Stored data
Content starts

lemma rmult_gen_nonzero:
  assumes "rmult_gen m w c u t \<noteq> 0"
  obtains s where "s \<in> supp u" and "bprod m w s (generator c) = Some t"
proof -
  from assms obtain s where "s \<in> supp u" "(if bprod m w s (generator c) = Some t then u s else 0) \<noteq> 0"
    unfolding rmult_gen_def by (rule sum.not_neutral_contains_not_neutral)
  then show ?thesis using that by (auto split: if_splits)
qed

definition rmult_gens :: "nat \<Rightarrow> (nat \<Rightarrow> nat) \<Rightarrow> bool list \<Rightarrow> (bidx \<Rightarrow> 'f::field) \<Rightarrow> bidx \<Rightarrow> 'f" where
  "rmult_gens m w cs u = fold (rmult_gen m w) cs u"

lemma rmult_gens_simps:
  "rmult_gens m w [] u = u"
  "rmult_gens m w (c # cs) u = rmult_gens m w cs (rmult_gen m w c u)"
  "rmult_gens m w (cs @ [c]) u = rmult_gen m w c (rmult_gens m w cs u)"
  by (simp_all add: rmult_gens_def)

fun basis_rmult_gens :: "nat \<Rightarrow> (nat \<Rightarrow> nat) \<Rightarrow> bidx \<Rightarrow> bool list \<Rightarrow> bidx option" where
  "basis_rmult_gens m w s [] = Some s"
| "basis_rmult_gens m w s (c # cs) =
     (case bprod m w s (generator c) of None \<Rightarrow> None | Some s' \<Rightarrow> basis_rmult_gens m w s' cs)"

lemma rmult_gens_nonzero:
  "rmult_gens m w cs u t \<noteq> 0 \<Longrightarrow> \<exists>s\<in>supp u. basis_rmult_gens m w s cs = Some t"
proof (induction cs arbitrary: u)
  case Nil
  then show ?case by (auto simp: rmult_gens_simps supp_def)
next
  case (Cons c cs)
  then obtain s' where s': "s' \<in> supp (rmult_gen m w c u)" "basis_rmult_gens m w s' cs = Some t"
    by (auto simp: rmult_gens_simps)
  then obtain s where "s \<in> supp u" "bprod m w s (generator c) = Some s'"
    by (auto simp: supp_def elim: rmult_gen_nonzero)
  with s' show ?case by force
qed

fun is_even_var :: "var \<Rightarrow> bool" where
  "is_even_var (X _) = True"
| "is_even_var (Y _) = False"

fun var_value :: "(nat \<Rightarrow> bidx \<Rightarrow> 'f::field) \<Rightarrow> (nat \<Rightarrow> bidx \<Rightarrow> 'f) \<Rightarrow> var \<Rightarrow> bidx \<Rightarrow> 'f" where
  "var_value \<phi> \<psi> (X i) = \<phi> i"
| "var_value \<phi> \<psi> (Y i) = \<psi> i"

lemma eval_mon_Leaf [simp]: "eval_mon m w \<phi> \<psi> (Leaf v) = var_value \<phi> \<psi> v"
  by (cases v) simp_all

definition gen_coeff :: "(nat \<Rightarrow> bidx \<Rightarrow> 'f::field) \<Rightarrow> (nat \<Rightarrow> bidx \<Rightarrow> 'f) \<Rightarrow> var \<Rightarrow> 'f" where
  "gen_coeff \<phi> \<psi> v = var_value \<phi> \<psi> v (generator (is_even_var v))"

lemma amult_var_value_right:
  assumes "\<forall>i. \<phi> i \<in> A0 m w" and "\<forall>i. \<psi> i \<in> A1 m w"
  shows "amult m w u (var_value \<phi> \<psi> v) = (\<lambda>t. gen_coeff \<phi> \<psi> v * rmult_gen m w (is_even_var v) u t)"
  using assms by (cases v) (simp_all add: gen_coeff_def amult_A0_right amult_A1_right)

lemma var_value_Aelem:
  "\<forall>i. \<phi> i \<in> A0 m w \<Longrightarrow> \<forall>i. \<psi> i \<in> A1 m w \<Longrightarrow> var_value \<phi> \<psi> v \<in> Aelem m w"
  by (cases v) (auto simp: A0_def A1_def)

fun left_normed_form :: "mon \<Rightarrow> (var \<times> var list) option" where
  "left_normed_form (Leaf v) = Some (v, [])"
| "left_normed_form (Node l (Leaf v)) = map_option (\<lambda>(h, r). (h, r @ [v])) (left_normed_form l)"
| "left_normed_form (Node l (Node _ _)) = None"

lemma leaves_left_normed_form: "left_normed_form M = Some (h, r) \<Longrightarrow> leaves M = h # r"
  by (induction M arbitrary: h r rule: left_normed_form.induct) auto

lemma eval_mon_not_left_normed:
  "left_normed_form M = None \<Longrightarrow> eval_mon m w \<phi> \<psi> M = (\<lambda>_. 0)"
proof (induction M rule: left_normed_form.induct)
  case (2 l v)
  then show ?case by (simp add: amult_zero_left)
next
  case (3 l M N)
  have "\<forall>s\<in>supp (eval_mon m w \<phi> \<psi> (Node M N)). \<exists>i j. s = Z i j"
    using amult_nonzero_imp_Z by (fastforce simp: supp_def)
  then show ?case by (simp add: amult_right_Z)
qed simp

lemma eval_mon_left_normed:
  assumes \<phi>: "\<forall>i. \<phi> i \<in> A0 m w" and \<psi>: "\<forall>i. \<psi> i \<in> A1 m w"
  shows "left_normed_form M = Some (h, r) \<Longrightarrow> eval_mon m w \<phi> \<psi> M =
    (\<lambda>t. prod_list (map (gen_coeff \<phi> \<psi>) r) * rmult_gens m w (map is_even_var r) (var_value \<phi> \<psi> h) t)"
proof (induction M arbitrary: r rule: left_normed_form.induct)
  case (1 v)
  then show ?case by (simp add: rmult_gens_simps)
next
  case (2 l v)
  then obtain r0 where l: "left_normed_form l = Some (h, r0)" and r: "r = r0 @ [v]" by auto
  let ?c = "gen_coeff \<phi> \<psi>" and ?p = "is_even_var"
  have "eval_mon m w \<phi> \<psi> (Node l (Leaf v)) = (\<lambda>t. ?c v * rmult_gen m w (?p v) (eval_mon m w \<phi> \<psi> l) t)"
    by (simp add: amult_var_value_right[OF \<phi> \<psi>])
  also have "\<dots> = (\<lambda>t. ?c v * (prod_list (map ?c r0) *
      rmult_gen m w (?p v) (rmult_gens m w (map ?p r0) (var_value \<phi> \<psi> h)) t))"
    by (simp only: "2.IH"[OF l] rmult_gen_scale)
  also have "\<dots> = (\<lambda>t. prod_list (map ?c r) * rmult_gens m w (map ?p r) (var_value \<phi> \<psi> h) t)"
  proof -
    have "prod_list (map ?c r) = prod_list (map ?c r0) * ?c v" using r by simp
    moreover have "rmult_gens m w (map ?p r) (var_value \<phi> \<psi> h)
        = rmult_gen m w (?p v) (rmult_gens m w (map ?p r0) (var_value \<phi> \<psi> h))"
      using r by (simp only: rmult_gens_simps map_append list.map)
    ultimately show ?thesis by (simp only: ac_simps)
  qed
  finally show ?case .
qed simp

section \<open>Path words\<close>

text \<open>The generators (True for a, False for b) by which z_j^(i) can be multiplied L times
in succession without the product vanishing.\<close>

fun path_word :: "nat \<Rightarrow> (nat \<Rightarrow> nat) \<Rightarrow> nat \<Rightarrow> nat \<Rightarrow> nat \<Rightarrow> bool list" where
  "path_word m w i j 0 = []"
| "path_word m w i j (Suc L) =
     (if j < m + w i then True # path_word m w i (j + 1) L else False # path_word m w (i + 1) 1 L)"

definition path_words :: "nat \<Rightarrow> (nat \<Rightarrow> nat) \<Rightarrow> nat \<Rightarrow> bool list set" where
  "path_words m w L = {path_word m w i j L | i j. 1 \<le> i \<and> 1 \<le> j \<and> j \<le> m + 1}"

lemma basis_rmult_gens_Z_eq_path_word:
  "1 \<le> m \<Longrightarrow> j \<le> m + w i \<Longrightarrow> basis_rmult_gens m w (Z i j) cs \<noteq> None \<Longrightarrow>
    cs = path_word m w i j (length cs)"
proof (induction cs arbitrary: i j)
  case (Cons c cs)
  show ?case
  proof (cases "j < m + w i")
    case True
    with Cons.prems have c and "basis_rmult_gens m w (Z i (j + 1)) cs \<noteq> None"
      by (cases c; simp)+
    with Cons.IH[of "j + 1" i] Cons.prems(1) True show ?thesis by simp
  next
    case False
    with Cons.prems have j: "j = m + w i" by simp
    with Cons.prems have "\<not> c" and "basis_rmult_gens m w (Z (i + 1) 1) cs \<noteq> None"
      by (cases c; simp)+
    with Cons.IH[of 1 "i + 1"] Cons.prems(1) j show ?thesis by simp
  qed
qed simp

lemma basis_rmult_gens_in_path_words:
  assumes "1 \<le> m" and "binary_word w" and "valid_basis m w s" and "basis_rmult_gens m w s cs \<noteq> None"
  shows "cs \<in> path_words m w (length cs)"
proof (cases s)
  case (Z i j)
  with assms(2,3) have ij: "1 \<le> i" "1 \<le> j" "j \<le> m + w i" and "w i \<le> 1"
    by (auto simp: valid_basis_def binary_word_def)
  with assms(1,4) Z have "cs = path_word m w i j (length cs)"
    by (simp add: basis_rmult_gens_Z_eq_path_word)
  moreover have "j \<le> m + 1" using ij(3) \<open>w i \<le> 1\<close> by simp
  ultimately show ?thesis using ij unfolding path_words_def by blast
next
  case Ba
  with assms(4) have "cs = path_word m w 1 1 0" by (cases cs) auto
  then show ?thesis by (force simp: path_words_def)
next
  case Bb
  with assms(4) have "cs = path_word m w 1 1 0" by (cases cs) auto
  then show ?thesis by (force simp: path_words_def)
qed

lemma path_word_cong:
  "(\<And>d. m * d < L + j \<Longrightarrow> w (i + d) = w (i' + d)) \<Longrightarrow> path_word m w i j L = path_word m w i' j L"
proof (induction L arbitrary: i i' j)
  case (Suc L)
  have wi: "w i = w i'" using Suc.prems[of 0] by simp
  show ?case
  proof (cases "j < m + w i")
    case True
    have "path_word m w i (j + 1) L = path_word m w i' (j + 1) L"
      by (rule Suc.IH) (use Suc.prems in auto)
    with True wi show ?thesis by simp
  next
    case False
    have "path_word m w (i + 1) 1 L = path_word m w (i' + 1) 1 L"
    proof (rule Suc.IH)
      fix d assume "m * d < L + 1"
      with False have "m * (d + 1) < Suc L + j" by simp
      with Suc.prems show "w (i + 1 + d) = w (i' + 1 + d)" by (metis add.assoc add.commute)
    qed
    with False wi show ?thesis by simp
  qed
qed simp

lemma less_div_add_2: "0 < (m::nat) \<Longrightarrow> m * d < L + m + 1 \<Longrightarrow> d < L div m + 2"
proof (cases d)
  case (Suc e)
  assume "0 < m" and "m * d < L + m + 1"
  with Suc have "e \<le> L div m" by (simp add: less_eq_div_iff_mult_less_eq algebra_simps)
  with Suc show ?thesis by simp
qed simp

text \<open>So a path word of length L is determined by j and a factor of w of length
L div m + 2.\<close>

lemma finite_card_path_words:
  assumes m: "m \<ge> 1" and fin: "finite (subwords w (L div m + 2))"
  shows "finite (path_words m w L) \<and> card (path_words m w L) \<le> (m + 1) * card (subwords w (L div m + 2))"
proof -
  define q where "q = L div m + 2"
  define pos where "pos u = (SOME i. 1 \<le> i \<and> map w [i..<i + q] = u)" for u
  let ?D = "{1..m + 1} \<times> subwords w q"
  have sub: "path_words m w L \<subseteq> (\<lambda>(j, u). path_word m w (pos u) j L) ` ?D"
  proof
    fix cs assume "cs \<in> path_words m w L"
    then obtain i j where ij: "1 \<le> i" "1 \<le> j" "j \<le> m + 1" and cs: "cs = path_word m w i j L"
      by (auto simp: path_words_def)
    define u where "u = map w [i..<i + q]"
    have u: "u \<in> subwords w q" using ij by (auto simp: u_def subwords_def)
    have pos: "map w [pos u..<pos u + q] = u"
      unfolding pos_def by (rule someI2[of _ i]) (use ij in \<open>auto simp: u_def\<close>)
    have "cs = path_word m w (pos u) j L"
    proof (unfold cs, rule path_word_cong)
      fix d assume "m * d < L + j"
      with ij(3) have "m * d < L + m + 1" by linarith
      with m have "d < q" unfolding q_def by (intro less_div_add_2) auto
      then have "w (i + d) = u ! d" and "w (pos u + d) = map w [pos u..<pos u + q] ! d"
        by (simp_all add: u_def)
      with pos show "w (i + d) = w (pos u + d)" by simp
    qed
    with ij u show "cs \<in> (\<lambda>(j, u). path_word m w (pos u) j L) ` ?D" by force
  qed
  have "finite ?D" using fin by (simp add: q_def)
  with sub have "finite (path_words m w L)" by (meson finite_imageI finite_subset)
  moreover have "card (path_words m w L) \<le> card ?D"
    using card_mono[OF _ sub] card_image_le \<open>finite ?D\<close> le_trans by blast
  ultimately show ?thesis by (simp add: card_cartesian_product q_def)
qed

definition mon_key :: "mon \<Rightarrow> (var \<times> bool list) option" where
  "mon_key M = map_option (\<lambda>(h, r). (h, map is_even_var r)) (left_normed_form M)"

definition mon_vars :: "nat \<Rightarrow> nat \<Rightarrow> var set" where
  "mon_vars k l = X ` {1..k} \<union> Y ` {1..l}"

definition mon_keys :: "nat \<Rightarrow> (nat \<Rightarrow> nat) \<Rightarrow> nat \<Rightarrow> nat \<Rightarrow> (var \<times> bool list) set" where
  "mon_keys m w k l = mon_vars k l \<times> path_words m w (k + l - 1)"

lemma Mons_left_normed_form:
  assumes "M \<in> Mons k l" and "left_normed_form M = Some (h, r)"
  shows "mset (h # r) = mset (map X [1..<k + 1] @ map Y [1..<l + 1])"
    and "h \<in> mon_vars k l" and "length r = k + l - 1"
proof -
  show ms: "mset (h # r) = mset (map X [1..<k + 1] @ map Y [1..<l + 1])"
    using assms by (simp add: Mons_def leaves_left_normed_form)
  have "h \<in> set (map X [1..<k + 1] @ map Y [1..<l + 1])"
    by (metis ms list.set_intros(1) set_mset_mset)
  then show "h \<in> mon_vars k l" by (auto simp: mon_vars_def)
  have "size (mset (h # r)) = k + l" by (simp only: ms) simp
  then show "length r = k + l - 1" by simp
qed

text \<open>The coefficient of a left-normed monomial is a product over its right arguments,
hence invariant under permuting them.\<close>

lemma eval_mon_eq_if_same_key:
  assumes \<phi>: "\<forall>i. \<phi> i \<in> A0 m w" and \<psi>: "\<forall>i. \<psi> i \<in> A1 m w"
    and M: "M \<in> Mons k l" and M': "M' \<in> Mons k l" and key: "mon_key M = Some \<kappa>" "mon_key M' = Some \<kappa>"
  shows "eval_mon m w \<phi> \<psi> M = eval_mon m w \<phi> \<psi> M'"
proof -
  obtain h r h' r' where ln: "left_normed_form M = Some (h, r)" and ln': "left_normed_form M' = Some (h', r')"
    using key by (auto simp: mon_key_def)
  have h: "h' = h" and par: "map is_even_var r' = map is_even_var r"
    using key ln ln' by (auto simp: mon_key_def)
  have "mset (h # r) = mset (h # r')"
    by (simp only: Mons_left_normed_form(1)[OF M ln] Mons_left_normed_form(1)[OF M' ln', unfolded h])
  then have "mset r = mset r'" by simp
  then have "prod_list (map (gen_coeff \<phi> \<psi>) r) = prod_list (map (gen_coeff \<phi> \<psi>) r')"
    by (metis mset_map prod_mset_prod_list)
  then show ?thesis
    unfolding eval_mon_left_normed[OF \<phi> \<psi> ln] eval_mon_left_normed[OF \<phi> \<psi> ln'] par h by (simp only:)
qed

Content ends

Work to be completed: Set the lines down exactly, from the first line of the records to the line where "from assms obtain" appears, with both ends kept.

Answer to this exercise:
lemma rmult_gen_nonzero:
  assumes "rmult_gen m w c u t \<noteq> 0"
  obtains s where "s \<in> supp u" and "bprod m w s (generator c) = Some t"
proof -
  from assms obtain s where "s \<in> supp u" "(if bprod m w s (generator c) = Some t then u s else 0) \<noteq> 0"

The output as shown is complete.